Below this line is a set of entries; quote exactly the lines from the line that contains "(edge i -> j" to the line that contains "A = spectral_radius", both lines included.

(Collected data)
# # # # # # #
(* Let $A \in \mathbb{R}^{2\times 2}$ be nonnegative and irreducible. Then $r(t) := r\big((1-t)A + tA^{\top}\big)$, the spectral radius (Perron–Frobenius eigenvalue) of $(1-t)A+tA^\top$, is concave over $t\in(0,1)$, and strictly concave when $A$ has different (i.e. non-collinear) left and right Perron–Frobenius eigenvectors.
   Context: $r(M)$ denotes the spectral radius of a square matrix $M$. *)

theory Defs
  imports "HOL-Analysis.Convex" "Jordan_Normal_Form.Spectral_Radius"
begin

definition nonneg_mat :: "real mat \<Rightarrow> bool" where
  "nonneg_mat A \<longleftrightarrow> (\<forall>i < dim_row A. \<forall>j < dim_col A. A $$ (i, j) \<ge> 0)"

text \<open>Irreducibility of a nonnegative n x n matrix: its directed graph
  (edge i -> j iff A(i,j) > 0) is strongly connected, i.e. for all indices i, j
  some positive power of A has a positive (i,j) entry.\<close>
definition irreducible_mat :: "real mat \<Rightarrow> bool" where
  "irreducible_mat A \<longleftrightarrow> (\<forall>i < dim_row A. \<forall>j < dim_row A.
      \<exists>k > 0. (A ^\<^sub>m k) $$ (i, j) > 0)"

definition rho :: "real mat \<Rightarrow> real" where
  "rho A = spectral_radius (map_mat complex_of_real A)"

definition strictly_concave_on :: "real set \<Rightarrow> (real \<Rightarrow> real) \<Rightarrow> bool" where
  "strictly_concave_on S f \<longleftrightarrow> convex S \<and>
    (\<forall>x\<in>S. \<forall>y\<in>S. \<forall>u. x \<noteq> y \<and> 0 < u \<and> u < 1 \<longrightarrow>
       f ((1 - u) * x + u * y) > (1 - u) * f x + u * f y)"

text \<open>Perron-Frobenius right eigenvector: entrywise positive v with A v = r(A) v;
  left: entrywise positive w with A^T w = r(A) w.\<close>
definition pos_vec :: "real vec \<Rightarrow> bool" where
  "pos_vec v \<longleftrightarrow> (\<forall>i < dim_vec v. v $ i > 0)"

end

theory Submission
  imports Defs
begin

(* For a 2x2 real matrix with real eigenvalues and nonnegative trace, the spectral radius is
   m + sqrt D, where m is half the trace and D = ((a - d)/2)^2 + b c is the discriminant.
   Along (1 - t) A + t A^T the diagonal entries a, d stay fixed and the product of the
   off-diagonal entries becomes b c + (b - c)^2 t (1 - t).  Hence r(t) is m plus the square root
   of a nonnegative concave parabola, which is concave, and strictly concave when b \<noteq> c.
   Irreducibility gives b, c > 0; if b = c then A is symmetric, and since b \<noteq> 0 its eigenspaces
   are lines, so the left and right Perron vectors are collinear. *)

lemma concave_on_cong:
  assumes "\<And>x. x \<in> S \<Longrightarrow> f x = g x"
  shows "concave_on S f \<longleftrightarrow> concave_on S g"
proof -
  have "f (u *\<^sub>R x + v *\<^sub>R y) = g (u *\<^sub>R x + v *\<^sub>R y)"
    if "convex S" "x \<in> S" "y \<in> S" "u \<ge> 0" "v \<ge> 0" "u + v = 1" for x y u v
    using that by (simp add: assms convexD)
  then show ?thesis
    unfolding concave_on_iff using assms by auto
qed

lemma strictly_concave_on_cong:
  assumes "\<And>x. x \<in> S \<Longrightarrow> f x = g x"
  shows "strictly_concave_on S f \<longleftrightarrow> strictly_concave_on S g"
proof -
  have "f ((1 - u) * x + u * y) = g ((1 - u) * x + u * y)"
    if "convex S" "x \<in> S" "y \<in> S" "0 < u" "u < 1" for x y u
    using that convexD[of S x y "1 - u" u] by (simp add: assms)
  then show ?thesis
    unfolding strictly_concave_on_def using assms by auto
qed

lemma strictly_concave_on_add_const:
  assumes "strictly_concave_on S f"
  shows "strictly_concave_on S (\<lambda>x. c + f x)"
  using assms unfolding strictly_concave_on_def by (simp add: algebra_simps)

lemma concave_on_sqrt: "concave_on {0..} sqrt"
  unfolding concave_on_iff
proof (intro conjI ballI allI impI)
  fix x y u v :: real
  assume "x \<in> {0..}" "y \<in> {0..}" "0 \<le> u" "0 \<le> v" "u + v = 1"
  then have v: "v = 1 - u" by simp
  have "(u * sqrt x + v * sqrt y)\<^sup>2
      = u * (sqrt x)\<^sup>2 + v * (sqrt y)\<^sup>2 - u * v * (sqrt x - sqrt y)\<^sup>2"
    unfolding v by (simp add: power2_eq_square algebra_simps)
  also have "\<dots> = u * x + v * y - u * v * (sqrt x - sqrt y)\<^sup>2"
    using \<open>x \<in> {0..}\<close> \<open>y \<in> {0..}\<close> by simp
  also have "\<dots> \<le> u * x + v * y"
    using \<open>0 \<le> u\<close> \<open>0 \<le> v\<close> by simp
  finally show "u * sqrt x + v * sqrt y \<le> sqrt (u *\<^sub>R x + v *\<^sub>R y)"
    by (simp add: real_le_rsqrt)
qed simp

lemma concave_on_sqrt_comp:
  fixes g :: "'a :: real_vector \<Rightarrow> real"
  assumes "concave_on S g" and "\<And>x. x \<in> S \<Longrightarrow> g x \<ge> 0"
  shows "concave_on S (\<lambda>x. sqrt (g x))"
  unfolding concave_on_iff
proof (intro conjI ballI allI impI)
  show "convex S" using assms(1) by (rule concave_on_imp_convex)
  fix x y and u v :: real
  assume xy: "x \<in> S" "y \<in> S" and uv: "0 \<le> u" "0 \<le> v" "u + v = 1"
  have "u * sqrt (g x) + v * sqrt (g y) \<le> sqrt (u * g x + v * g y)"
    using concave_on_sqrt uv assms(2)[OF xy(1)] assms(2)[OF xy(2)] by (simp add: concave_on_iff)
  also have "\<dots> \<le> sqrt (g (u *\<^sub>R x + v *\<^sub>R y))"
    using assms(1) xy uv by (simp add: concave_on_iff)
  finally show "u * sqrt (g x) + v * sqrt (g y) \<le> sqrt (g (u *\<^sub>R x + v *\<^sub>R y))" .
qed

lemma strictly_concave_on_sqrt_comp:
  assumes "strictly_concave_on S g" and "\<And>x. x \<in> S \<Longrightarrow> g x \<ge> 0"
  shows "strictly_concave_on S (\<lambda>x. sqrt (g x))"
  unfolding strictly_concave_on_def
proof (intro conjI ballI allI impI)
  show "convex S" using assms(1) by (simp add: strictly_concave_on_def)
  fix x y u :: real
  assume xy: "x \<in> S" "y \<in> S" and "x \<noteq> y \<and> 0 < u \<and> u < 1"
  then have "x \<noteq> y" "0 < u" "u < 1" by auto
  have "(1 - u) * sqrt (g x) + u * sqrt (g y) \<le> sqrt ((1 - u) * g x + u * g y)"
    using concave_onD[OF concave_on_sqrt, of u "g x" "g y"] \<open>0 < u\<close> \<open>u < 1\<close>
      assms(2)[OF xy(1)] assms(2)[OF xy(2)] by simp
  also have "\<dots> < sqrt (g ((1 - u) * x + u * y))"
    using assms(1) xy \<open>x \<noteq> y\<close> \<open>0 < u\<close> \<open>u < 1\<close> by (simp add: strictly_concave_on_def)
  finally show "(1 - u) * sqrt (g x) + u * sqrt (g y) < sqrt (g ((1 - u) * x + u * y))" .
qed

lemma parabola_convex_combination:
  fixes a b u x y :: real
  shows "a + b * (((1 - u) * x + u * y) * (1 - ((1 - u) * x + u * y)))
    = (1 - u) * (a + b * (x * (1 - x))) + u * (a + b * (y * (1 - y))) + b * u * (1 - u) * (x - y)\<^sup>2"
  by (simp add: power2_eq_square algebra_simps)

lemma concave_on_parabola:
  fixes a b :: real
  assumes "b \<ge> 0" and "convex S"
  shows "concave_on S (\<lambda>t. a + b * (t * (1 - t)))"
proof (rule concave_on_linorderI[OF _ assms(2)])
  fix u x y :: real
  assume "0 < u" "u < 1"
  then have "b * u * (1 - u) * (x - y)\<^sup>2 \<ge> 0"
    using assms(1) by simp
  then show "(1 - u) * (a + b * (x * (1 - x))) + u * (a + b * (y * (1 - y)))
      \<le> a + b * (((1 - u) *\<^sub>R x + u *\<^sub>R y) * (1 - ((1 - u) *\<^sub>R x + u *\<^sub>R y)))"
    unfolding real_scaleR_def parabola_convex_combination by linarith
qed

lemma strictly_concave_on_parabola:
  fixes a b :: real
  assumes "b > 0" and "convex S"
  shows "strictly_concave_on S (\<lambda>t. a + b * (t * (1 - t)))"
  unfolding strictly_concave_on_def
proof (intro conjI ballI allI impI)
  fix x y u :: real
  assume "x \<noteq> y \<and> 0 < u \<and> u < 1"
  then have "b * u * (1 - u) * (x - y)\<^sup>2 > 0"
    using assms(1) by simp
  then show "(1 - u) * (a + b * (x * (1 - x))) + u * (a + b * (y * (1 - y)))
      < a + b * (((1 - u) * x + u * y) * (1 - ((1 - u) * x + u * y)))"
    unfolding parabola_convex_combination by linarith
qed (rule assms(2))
# # # # # # #
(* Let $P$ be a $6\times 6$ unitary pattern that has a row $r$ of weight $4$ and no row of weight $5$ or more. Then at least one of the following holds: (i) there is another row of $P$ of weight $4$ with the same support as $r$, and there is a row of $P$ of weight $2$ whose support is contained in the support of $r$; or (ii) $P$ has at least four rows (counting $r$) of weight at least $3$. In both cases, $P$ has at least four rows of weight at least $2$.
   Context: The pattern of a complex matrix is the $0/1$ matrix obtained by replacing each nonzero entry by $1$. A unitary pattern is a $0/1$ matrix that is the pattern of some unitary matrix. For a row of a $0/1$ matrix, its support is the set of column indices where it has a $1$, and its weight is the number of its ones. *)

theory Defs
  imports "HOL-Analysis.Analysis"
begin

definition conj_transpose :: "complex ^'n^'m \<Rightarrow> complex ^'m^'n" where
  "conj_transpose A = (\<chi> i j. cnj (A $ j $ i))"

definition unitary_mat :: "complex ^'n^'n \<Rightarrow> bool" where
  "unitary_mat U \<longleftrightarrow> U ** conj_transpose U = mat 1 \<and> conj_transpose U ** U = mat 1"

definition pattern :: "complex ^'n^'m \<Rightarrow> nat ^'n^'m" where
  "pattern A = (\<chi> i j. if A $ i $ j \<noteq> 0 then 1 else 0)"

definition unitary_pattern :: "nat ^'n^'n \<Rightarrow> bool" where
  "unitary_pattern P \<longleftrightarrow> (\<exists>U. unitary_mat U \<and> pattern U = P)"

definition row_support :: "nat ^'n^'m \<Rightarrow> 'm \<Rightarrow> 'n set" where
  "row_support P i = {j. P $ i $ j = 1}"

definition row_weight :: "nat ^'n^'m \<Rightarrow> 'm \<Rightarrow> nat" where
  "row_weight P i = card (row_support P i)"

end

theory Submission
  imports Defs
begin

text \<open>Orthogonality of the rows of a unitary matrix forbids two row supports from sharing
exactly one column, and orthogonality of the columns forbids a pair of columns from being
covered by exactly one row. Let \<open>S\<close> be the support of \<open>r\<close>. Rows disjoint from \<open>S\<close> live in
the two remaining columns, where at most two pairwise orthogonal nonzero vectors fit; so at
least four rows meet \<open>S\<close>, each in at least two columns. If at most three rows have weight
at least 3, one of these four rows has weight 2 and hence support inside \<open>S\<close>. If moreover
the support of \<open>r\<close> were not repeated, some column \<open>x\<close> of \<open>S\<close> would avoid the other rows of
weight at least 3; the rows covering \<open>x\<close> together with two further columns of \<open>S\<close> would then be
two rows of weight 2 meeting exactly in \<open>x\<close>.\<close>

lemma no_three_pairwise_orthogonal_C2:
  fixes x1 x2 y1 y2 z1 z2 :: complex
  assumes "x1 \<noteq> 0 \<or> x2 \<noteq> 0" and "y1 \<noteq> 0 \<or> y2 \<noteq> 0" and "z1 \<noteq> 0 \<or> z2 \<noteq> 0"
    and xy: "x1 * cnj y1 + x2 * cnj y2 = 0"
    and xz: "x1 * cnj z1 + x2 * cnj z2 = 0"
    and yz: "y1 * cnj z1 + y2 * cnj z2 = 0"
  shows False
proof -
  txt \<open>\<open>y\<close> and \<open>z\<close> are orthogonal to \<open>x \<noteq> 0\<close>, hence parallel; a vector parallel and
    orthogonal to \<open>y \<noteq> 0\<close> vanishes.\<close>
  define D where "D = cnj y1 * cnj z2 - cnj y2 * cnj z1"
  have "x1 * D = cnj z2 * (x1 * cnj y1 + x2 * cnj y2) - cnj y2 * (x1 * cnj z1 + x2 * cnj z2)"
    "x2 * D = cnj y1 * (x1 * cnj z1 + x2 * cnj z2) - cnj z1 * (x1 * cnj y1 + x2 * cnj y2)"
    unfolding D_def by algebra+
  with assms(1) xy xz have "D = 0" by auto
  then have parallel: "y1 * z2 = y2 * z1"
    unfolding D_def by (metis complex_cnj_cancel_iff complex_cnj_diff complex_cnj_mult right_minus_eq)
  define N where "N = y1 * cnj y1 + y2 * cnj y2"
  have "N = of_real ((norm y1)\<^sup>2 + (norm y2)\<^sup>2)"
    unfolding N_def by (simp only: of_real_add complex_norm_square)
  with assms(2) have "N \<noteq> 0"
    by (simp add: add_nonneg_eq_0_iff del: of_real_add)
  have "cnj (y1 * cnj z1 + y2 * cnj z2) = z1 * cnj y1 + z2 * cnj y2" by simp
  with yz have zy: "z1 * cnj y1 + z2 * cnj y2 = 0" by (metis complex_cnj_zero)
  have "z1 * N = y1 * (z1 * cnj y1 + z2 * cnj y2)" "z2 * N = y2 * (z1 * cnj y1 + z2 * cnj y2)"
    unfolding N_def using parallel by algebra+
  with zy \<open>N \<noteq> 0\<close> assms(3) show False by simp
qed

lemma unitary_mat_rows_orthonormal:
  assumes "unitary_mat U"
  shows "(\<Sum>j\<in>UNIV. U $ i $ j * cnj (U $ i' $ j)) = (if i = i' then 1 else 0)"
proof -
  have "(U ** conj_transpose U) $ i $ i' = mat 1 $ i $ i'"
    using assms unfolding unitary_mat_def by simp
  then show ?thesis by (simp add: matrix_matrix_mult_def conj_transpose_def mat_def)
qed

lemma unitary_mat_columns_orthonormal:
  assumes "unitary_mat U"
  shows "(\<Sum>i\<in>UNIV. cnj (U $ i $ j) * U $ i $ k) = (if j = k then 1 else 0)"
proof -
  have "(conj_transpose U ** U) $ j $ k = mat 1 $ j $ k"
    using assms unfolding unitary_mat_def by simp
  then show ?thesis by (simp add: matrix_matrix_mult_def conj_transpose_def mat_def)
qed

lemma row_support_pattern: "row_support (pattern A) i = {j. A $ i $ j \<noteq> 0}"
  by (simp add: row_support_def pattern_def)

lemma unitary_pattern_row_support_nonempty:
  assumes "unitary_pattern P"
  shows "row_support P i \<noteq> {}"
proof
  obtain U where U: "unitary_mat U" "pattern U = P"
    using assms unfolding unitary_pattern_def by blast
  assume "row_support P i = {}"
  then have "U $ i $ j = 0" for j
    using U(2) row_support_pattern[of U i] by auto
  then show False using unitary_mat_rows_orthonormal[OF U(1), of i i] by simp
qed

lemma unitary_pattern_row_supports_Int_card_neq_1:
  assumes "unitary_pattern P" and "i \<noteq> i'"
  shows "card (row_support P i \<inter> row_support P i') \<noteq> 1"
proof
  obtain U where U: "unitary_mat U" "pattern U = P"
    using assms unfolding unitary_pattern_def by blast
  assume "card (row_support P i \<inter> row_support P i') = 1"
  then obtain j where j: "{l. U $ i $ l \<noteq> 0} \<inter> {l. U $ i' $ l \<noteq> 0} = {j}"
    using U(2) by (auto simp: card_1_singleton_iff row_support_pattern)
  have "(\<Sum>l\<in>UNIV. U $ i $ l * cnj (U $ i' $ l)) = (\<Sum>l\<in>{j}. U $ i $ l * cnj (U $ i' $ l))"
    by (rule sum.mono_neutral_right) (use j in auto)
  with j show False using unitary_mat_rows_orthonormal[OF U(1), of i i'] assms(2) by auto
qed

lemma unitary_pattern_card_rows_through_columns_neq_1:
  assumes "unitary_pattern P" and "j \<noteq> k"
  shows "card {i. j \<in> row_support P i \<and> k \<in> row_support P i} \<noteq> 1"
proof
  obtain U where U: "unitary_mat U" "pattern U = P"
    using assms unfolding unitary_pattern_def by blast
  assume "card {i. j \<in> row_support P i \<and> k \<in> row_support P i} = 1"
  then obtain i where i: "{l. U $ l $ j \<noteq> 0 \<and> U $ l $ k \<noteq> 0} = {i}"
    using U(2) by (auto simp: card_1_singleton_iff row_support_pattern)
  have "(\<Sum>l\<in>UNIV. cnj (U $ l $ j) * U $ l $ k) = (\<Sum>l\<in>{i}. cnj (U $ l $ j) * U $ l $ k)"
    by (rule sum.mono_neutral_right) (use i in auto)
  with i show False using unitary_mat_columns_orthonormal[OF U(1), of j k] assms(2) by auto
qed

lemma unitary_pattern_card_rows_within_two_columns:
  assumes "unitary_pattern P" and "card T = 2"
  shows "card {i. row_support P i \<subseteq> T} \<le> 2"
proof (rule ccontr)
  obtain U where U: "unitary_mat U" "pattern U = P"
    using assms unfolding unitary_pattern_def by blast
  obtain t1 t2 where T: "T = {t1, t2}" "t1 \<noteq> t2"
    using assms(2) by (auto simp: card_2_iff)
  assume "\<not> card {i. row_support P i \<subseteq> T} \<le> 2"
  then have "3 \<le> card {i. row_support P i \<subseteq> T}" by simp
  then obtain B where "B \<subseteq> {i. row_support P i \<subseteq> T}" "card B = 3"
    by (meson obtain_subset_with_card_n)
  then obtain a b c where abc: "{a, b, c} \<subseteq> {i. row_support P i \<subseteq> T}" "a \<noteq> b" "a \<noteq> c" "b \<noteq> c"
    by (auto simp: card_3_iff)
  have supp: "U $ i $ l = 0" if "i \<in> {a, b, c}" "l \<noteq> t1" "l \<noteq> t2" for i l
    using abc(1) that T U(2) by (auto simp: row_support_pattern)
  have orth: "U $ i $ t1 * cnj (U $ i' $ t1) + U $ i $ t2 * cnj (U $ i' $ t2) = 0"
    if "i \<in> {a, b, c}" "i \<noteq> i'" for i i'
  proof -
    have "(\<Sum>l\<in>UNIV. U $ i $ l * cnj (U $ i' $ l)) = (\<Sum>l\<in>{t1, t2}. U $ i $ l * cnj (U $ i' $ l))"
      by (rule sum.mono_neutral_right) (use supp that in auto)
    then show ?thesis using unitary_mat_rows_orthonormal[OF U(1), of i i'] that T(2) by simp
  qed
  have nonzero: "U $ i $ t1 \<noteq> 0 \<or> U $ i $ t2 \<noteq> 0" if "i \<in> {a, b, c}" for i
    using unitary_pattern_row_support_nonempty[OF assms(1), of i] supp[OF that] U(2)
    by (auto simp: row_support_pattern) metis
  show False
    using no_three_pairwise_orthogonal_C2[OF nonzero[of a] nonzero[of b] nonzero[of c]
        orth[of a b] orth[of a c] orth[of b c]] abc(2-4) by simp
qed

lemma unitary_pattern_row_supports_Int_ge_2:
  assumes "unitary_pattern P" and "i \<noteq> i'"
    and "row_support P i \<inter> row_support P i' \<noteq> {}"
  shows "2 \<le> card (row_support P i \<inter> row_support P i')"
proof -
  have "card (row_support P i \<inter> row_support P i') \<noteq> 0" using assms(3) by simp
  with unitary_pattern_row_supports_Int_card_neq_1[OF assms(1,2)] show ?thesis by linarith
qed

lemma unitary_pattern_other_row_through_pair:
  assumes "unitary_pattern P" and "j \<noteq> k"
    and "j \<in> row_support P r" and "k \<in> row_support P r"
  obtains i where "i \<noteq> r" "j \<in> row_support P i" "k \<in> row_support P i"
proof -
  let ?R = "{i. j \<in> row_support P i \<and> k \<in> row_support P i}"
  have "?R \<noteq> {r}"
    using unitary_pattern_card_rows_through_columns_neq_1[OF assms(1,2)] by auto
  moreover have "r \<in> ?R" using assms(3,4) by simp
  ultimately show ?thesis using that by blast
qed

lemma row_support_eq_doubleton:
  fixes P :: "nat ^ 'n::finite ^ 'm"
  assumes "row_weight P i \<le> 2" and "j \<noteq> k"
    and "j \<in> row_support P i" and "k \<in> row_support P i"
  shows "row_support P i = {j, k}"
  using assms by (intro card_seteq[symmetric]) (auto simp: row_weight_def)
# # # # # # #
» **Exercise answer**:
  (edge i -> j iff A(i,j) > 0) is strongly connected, i.e. for all indices i, j
  some positive power of A has a positive (i,j) entry.\<close>
definition irreducible_mat :: "real mat \<Rightarrow> bool" where
  "irreducible_mat A \<longleftrightarrow> (\<forall>i < dim_row A. \<forall>j < dim_row A.
      \<exists>k > 0. (A ^\<^sub>m k) $$ (i, j) > 0)"

definition rho :: "real mat \<Rightarrow> real" where
  "rho A = spectral_radius (map_mat complex_of_real A)"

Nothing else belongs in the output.